HOW TO COMPLETE THIS TASK:
Take the entries below and print only the lines from the one with "q = (\<Sum>\<mu>\<in>?P." through the one with "the evaluation is", exactly as they stand, both ends included.

━━━━━ EXERCISE INPUTS ━━━━━

lemma monomial_eval_superset:
  assumes "finite K" "Poly_Mapping.keys \<mu> \<subseteq> K"
  shows "monomial_eval \<sigma> \<mu> = (\<Prod>i\<in>K. \<sigma> i ^ Poly_Mapping.lookup \<mu> i)"
  unfolding monomial_eval_def
  by (rule prod.mono_neutral_left[OF assms]) (auto simp: in_keys_iff)

lemma monomial_eval_add: "monomial_eval \<sigma> (\<mu> + \<nu>) = monomial_eval \<sigma> \<mu> * monomial_eval \<sigma> \<nu>"
proof -
  let ?K = "Poly_Mapping.keys \<mu> \<union> Poly_Mapping.keys \<nu>"
  have "monomial_eval \<sigma> (\<mu> + \<nu>) = (\<Prod>i\<in>?K. \<sigma> i ^ Poly_Mapping.lookup (\<mu> + \<nu>) i)"
    by (rule monomial_eval_superset) (auto simp: in_keys_iff lookup_add)
  also have "\<dots> = (\<Prod>i\<in>?K. \<sigma> i ^ Poly_Mapping.lookup \<mu> i) * (\<Prod>i\<in>?K. \<sigma> i ^ Poly_Mapping.lookup \<nu> i)"
    by (simp add: lookup_add power_add prod.distrib)
  also have "\<dots> = monomial_eval \<sigma> \<mu> * monomial_eval \<sigma> \<nu>"
    by (subst (1 2) monomial_eval_superset[of ?K]) auto
  finally show ?thesis .
qed

lemma monomial_eval_zero [simp]: "monomial_eval \<sigma> 0 = 1"
  by (simp add: monomial_eval_def)

lemma monomial_eval_single [simp]: "monomial_eval \<sigma> (Poly_Mapping.single i 1) = \<sigma> i"
  by (simp add: monomial_eval_def)

lemma poly_mapping_sum_singles:
  "p = (\<Sum>\<mu>\<in>Poly_Mapping.keys p. Poly_Mapping.single \<mu> (Poly_Mapping.lookup p \<mu>))"
  by (rule poly_mapping_eqI) (auto simp: lookup_sum lookup_single when_def in_keys_iff)

context
  fixes g :: "'a::comm_ring_1 \<Rightarrow> 'c::comm_ring_1"
  assumes g: "comm_ring_hom g"
begin

interpretation g: comm_ring_hom g by (rule g)

lemma mpoly_eval_add: "mpoly_eval g \<sigma> (p + q) = mpoly_eval g \<sigma> p + mpoly_eval g \<sigma> q"
  unfolding mpoly_eval_def
  by (rule setsum_keys_plus_distrib) (simp_all add: lookup_add g.hom_add distrib_right)

lemma mpoly_eval_zero [simp]: "mpoly_eval g \<sigma> 0 = 0"
  by (simp add: mpoly_eval_def)

lemma mpoly_eval_sum: "mpoly_eval g \<sigma> (sum f X) = (\<Sum>x\<in>X. mpoly_eval g \<sigma> (f x))"
  by (induct X rule: infinite_finite_induct) (auto simp: mpoly_eval_add)

lemma mpoly_eval_single [simp]:
  "mpoly_eval g \<sigma> (Poly_Mapping.single \<mu> c) = g c * monomial_eval \<sigma> \<mu>"
  by (cases "c = 0") (auto simp: mpoly_eval_def)

lemma mpoly_eval_mult: "mpoly_eval g \<sigma> (p * q) = mpoly_eval g \<sigma> p * mpoly_eval g \<sigma> q"
proof -
  let ?P = "Poly_Mapping.keys p" and ?Q = "Poly_Mapping.keys q"
  let ?lp = "Poly_Mapping.lookup p" and ?lq = "Poly_Mapping.lookup q"
  have "p * q = (\<Sum>\<mu>\<in>?P. Poly_Mapping.single \<mu> (?lp \<mu>)) * (\<Sum>\<nu>\<in>?Q. Poly_Mapping.single \<nu> (?lq \<nu>))"
    by (subst (1) poly_mapping_sum_singles[of p], subst (1) poly_mapping_sum_singles[of q])
      (rule refl)
  also have "\<dots> = (\<Sum>\<mu>\<in>?P. \<Sum>\<nu>\<in>?Q. Poly_Mapping.single (\<mu> + \<nu>) (?lp \<mu> * ?lq \<nu>))"
    by (simp add: sum_distrib_left sum_distrib_right mult_single) (subst sum.swap, rule refl)
  finally have "mpoly_eval g \<sigma> (p * q) =
      (\<Sum>\<mu>\<in>?P. \<Sum>\<nu>\<in>?Q. g (?lp \<mu>) * monomial_eval \<sigma> \<mu> * (g (?lq \<nu>) * monomial_eval \<sigma> \<nu>))"
    by (simp add: mpoly_eval_sum g.hom_mult monomial_eval_add ac_simps)
  also have "\<dots> = mpoly_eval g \<sigma> p * mpoly_eval g \<sigma> q"
    unfolding mpoly_eval_def
    by (simp add: sum_distrib_left sum_distrib_right) (subst sum.swap, rule refl)
  finally show ?thesis .
qed

lemma comm_ring_hom_mpoly_eval: "comm_ring_hom (mpoly_eval g \<sigma>)"
proof
  have "(1 :: 'a mpoly) = Poly_Mapping.single 0 1" by simp
  then show "mpoly_eval g \<sigma> 1 = 1" by (metis mpoly_eval_single monomial_eval_zero g.hom_one mult_1)
qed (simp_all add: mpoly_eval_add mpoly_eval_mult)

lemma mpoly_eval_const [simp]: "mpoly_eval g \<sigma> (mp_const c) = g c"
  by (simp add: mp_const_def)

lemma mpoly_eval_var [simp]: "mpoly_eval g \<sigma> (mp_var i) = \<sigma> i"
  unfolding mp_var_def mpoly_eval_single monomial_eval_single by simp

end

lemma mpoly_eval_comp:
  assumes "comm_ring_hom H"
  shows "H (mpoly_eval g \<sigma> p) = mpoly_eval (H \<circ> g) (H \<circ> \<sigma>) p"
proof -
  interpret H: comm_ring_hom H by (rule assms)
  show ?thesis
    by (simp add: mpoly_eval_def monomial_eval_def H.hom_sum H.hom_mult H.hom_prod H.hom_power)
qed

text \<open>Coordinates are moved into the image of g one at a time: fixing all but one,
  the evaluation is a nonzero univariate polynomial, which has only finitely many roots.\<close>
lemma mpoly_eval_nonzero_at_image_point:
  fixes g :: "'a::comm_ring_1 \<Rightarrow> 'c::idom"
  assumes inf: "infinite (UNIV :: 'a set)" and "inj g" and nz: "mpoly_eval g \<sigma>\<^sub>0 p \<noteq> 0"
  shows "\<exists>\<sigma>. mpoly_eval g (\<lambda>i. if i < N then g (\<sigma> i) else \<sigma>\<^sub>0 i) p \<noteq> 0"
proof (induct N)
  case 0
  then show ?case using nz by simp
next
  case (Suc N)
  then obtain \<sigma> where \<sigma>: "mpoly_eval g (\<lambda>i. if i < N then g (\<sigma> i) else \<sigma>\<^sub>0 i) p \<noteq> 0" by blast
  define \<rho> where "\<rho> = (\<lambda>i. if i < N then g (\<sigma> i) else \<sigma>\<^sub>0 i)"
  define q where "q = mpoly_eval (\<lambda>c. [:g c:]) (\<lambda>i. if i = N then [:0, 1:] else [:\<rho> i:]) p"
  have poly_q: "poly q x = mpoly_eval g (\<rho>(N := x)) p" for x
  proof -
    have "poly q x = mpoly_eval ((\<lambda>r. poly r x) \<circ> (\<lambda>c. [:g c:]))
        ((\<lambda>r. poly r x) \<circ> (\<lambda>i. if i = N then [:0, 1:] else [:\<rho> i:])) p"
      unfolding q_def by (rule mpoly_eval_comp[OF poly_hom.comm_ring_hom_axioms])
    also have "((\<lambda>r. poly r x) \<circ> (\<lambda>c. [:g c:])) = g" by auto
    also have "((\<lambda>r. poly r x) \<circ> (\<lambda>i. if i = N then [:0, 1:] else [:\<rho> i:])) = \<rho>(N := x)" by auto
    finally show ?thesis .
  qed
  have "q \<noteq> 0" using poly_q[of "\<rho> N"] \<sigma> by (auto simp flip: \<rho>_def)
  then have "finite {x. poly q x = 0}" by (rule poly_roots_finite)
  moreover have "infinite (range g)" using inf \<open>inj g\<close> by (auto dest: finite_imageD)
  ultimately obtain s where s: "poly q (g s) \<noteq> 0"
    by (metis (mono_tags, lifting) mem_Collect_eq rangeE subsetI finite_subset)
  have "\<rho>(N := g s) = (\<lambda>i. if i < Suc N then g ((\<sigma>(N := s)) i) else \<sigma>\<^sub>0 i)"
    by (auto simp: \<rho>_def)
  with s show ?case unfolding poly_q by metis
qed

━━━━━

OUTPUT FOR THIS EXERCISE:
  have "p * q = (\<Sum>\<mu>\<in>?P. Poly_Mapping.single \<mu> (?lp \<mu>)) * (\<Sum>\<nu>\<in>?Q. Poly_Mapping.single \<nu> (?lq \<nu>))"
    by (subst (1) poly_mapping_sum_singles[of p], subst (1) poly_mapping_sum_singles[of q])
      (rule refl)
  also have "\<dots> = (\<Sum>\<mu>\<in>?P. \<Sum>\<nu>\<in>?Q. Poly_Mapping.single (\<mu> + \<nu>) (?lp \<mu> * ?lq \<nu>))"
    by (simp add: sum_distrib_left sum_distrib_right mult_single) (subst sum.swap, rule refl)
  finally have "mpoly_eval g \<sigma> (p * q) =
      (\<Sum>\<mu>\<in>?P. \<Sum>\<nu>\<in>?Q. g (?lp \<mu>) * monomial_eval \<sigma> \<mu> * (g (?lq \<nu>) * monomial_eval \<sigma> \<nu>))"
    by (simp add: mpoly_eval_sum g.hom_mult monomial_eval_add ac_simps)
  also have "\<dots> = mpoly_eval g \<sigma> p * mpoly_eval g \<sigma> q"
    unfolding mpoly_eval_def
    by (simp add: sum_distrib_left sum_distrib_right) (subst sum.swap, rule refl)
  finally show ?thesis .
qed

lemma comm_ring_hom_mpoly_eval: "comm_ring_hom (mpoly_eval g \<sigma>)"
proof
  have "(1 :: 'a mpoly) = Poly_Mapping.single 0 1" by simp
  then show "mpoly_eval g \<sigma> 1 = 1" by (metis mpoly_eval_single monomial_eval_zero g.hom_one mult_1)
qed (simp_all add: mpoly_eval_add mpoly_eval_mult)

lemma mpoly_eval_const [simp]: "mpoly_eval g \<sigma> (mp_const c) = g c"
  by (simp add: mp_const_def)

lemma mpoly_eval_var [simp]: "mpoly_eval g \<sigma> (mp_var i) = \<sigma> i"
  unfolding mp_var_def mpoly_eval_single monomial_eval_single by simp

end

lemma mpoly_eval_comp:
  assumes "comm_ring_hom H"
  shows "H (mpoly_eval g \<sigma> p) = mpoly_eval (H \<circ> g) (H \<circ> \<sigma>) p"
proof -
  interpret H: comm_ring_hom H by (rule assms)
  show ?thesis
    by (simp add: mpoly_eval_def monomial_eval_def H.hom_sum H.hom_mult H.hom_prod H.hom_power)
qed

text \<open>Coordinates are moved into the image of g one at a time: fixing all but one,
  the evaluation is a nonzero univariate polynomial, which has only finitely many roots.\<close>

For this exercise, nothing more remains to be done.